The input →

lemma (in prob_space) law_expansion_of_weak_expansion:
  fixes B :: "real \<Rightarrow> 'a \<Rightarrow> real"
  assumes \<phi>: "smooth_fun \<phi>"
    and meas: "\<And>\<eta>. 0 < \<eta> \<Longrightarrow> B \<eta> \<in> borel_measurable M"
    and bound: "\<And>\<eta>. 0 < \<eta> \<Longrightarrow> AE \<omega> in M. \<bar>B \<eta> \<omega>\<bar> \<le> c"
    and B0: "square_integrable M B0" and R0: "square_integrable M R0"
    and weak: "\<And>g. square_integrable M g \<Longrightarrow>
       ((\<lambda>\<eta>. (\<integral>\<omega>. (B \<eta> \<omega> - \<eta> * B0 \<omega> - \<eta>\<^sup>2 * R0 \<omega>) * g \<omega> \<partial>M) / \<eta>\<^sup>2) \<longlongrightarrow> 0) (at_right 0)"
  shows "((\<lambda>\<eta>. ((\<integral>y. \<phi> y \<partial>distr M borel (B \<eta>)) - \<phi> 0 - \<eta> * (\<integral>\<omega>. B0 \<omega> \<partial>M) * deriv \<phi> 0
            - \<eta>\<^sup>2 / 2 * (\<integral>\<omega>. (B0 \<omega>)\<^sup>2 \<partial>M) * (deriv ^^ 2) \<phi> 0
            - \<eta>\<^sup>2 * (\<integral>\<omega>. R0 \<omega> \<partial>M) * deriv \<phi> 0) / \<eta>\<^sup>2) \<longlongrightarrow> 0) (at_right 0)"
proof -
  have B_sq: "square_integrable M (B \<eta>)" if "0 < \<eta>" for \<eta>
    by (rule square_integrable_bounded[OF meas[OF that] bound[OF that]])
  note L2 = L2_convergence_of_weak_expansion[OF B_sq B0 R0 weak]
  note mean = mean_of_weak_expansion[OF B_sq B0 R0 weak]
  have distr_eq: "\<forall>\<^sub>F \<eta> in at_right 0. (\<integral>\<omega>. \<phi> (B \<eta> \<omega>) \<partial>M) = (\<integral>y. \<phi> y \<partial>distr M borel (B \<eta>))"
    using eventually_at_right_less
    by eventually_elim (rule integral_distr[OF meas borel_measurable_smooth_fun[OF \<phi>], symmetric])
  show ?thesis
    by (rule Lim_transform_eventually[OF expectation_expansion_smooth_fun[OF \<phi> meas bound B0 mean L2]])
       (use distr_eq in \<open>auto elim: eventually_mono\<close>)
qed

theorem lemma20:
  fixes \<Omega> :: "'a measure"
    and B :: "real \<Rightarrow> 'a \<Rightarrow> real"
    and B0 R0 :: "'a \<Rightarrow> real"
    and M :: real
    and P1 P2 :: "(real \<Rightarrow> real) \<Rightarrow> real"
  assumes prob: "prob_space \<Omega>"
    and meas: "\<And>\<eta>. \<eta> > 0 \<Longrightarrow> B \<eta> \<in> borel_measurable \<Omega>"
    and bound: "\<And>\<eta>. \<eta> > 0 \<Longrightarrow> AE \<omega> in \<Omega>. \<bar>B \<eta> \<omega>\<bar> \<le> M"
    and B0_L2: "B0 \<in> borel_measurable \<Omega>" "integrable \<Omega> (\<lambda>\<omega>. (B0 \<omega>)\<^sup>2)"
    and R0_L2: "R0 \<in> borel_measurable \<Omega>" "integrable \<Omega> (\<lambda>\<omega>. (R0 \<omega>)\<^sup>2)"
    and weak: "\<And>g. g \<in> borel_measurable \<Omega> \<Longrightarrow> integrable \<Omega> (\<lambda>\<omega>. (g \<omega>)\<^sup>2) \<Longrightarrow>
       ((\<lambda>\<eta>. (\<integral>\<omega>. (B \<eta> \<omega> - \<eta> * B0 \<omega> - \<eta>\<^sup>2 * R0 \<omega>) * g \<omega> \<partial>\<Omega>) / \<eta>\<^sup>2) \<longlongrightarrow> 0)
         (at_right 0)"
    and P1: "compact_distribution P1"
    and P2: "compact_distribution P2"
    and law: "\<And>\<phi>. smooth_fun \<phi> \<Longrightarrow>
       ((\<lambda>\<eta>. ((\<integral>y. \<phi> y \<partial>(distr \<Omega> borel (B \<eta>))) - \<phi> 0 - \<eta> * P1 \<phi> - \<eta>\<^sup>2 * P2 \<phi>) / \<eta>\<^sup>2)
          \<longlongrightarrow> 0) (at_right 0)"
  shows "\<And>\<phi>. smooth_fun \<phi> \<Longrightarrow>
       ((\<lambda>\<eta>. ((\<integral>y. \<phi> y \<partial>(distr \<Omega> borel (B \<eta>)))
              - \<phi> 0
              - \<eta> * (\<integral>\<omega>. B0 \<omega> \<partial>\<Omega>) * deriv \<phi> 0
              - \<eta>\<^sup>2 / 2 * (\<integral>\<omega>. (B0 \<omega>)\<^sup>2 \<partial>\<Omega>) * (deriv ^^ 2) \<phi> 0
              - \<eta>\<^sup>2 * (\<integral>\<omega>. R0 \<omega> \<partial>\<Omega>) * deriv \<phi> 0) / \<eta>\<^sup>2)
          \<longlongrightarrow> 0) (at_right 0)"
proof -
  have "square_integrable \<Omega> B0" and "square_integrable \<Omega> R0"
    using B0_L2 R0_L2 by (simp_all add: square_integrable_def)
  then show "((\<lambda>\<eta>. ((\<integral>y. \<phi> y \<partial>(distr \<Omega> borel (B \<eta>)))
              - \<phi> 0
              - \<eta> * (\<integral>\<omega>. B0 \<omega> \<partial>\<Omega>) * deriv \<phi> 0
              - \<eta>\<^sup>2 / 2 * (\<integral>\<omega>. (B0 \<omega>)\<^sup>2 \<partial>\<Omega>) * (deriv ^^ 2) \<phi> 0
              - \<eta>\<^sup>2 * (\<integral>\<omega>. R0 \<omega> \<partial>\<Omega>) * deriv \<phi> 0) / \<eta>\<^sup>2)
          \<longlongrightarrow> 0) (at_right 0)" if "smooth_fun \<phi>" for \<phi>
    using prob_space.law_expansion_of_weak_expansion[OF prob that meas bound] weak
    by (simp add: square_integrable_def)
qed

Problem statement → Copy every record exactly as presented.

Output for this exercise →
lemma (in prob_space) law_expansion_of_weak_expansion:
  fixes B :: "real \<Rightarrow> 'a \<Rightarrow> real"
  assumes \<phi>: "smooth_fun \<phi>"
    and meas: "\<And>\<eta>. 0 < \<eta> \<Longrightarrow> B \<eta> \<in> borel_measurable M"
    and bound: "\<And>\<eta>. 0 < \<eta> \<Longrightarrow> AE \<omega> in M. \<bar>B \<eta> \<omega>\<bar> \<le> c"
    and B0: "square_integrable M B0" and R0: "square_integrable M R0"
    and weak: "\<And>g. square_integrable M g \<Longrightarrow>
       ((\<lambda>\<eta>. (\<integral>\<omega>. (B \<eta> \<omega> - \<eta> * B0 \<omega> - \<eta>\<^sup>2 * R0 \<omega>) * g \<omega> \<partial>M) / \<eta>\<^sup>2) \<longlongrightarrow> 0) (at_right 0)"
  shows "((\<lambda>\<eta>. ((\<integral>y. \<phi> y \<partial>distr M borel (B \<eta>)) - \<phi> 0 - \<eta> * (\<integral>\<omega>. B0 \<omega> \<partial>M) * deriv \<phi> 0
            - \<eta>\<^sup>2 / 2 * (\<integral>\<omega>. (B0 \<omega>)\<^sup>2 \<partial>M) * (deriv ^^ 2) \<phi> 0
            - \<eta>\<^sup>2 * (\<integral>\<omega>. R0 \<omega> \<partial>M) * deriv \<phi> 0) / \<eta>\<^sup>2) \<longlongrightarrow> 0) (at_right 0)"
proof -
  have B_sq: "square_integrable M (B \<eta>)" if "0 < \<eta>" for \<eta>
    by (rule square_integrable_bounded[OF meas[OF that] bound[OF that]])
  note L2 = L2_convergence_of_weak_expansion[OF B_sq B0 R0 weak]
  note mean = mean_of_weak_expansion[OF B_sq B0 R0 weak]
  have distr_eq: "\<forall>\<^sub>F \<eta> in at_right 0. (\<integral>\<omega>. \<phi> (B \<eta> \<omega>) \<partial>M) = (\<integral>y. \<phi> y \<partial>distr M borel (B \<eta>))"
    using eventually_at_right_less
    by eventually_elim (rule integral_distr[OF meas borel_measurable_smooth_fun[OF \<phi>], symmetric])
  show ?thesis
    by (rule Lim_transform_eventually[OF expectation_expansion_smooth_fun[OF \<phi> meas bound B0 mean L2]])
       (use distr_eq in \<open>auto elim: eventually_mono\<close>)
qed

theorem lemma20:
  fixes \<Omega> :: "'a measure"
    and B :: "real \<Rightarrow> 'a \<Rightarrow> real"
    and B0 R0 :: "'a \<Rightarrow> real"
    and M :: real
    and P1 P2 :: "(real \<Rightarrow> real) \<Rightarrow> real"
  assumes prob: "prob_space \<Omega>"
    and meas: "\<And>\<eta>. \<eta> > 0 \<Longrightarrow> B \<eta> \<in> borel_measurable \<Omega>"
    and bound: "\<And>\<eta>. \<eta> > 0 \<Longrightarrow> AE \<omega> in \<Omega>. \<bar>B \<eta> \<omega>\<bar> \<le> M"
    and B0_L2: "B0 \<in> borel_measurable \<Omega>" "integrable \<Omega> (\<lambda>\<omega>. (B0 \<omega>)\<^sup>2)"
    and R0_L2: "R0 \<in> borel_measurable \<Omega>" "integrable \<Omega> (\<lambda>\<omega>. (R0 \<omega>)\<^sup>2)"
    and weak: "\<And>g. g \<in> borel_measurable \<Omega> \<Longrightarrow> integrable \<Omega> (\<lambda>\<omega>. (g \<omega>)\<^sup>2) \<Longrightarrow>
       ((\<lambda>\<eta>. (\<integral>\<omega>. (B \<eta> \<omega> - \<eta> * B0 \<omega> - \<eta>\<^sup>2 * R0 \<omega>) * g \<omega> \<partial>\<Omega>) / \<eta>\<^sup>2) \<longlongrightarrow> 0)
         (at_right 0)"
    and P1: "compact_distribution P1"
    and P2: "compact_distribution P2"
    and law: "\<And>\<phi>. smooth_fun \<phi> \<Longrightarrow>
       ((\<lambda>\<eta>. ((\<integral>y. \<phi> y \<partial>(distr \<Omega> borel (B \<eta>))) - \<phi> 0 - \<eta> * P1 \<phi> - \<eta>\<^sup>2 * P2 \<phi>) / \<eta>\<^sup>2)
          \<longlongrightarrow> 0) (at_right 0)"
  shows "\<And>\<phi>. smooth_fun \<phi> \<Longrightarrow>
       ((\<lambda>\<eta>. ((\<integral>y. \<phi> y \<partial>(distr \<Omega> borel (B \<eta>)))
              - \<phi> 0
              - \<eta> * (\<integral>\<omega>. B0 \<omega> \<partial>\<Omega>) * deriv \<phi> 0
              - \<eta>\<^sup>2 / 2 * (\<integral>\<omega>. (B0 \<omega>)\<^sup>2 \<partial>\<Omega>) * (deriv ^^ 2) \<phi> 0
              - \<eta>\<^sup>2 * (\<integral>\<omega>. R0 \<omega> \<partial>\<Omega>) * deriv \<phi> 0) / \<eta>\<^sup>2)
          \<longlongrightarrow> 0) (at_right 0)"
proof -
  have "square_integrable \<Omega> B0" and "square_integrable \<Omega> R0"
    using B0_L2 R0_L2 by (simp_all add: square_integrable_def)
  then show "((\<lambda>\<eta>. ((\<integral>y. \<phi> y \<partial>(distr \<Omega> borel (B \<eta>)))
              - \<phi> 0
              - \<eta> * (\<integral>\<omega>. B0 \<omega> \<partial>\<Omega>) * deriv \<phi> 0
              - \<eta>\<^sup>2 / 2 * (\<integral>\<omega>. (B0 \<omega>)\<^sup>2 \<partial>\<Omega>) * (deriv ^^ 2) \<phi> 0
              - \<eta>\<^sup>2 * (\<integral>\<omega>. R0 \<omega> \<partial>\<Omega>) * deriv \<phi> 0) / \<eta>\<^sup>2)
          \<longlongrightarrow> 0) (at_right 0)" if "smooth_fun \<phi>" for \<phi>
    using prob_space.law_expansion_of_weak_expansion[OF prob that meas bound] weak
    by (simp add: square_integrable_def)
qed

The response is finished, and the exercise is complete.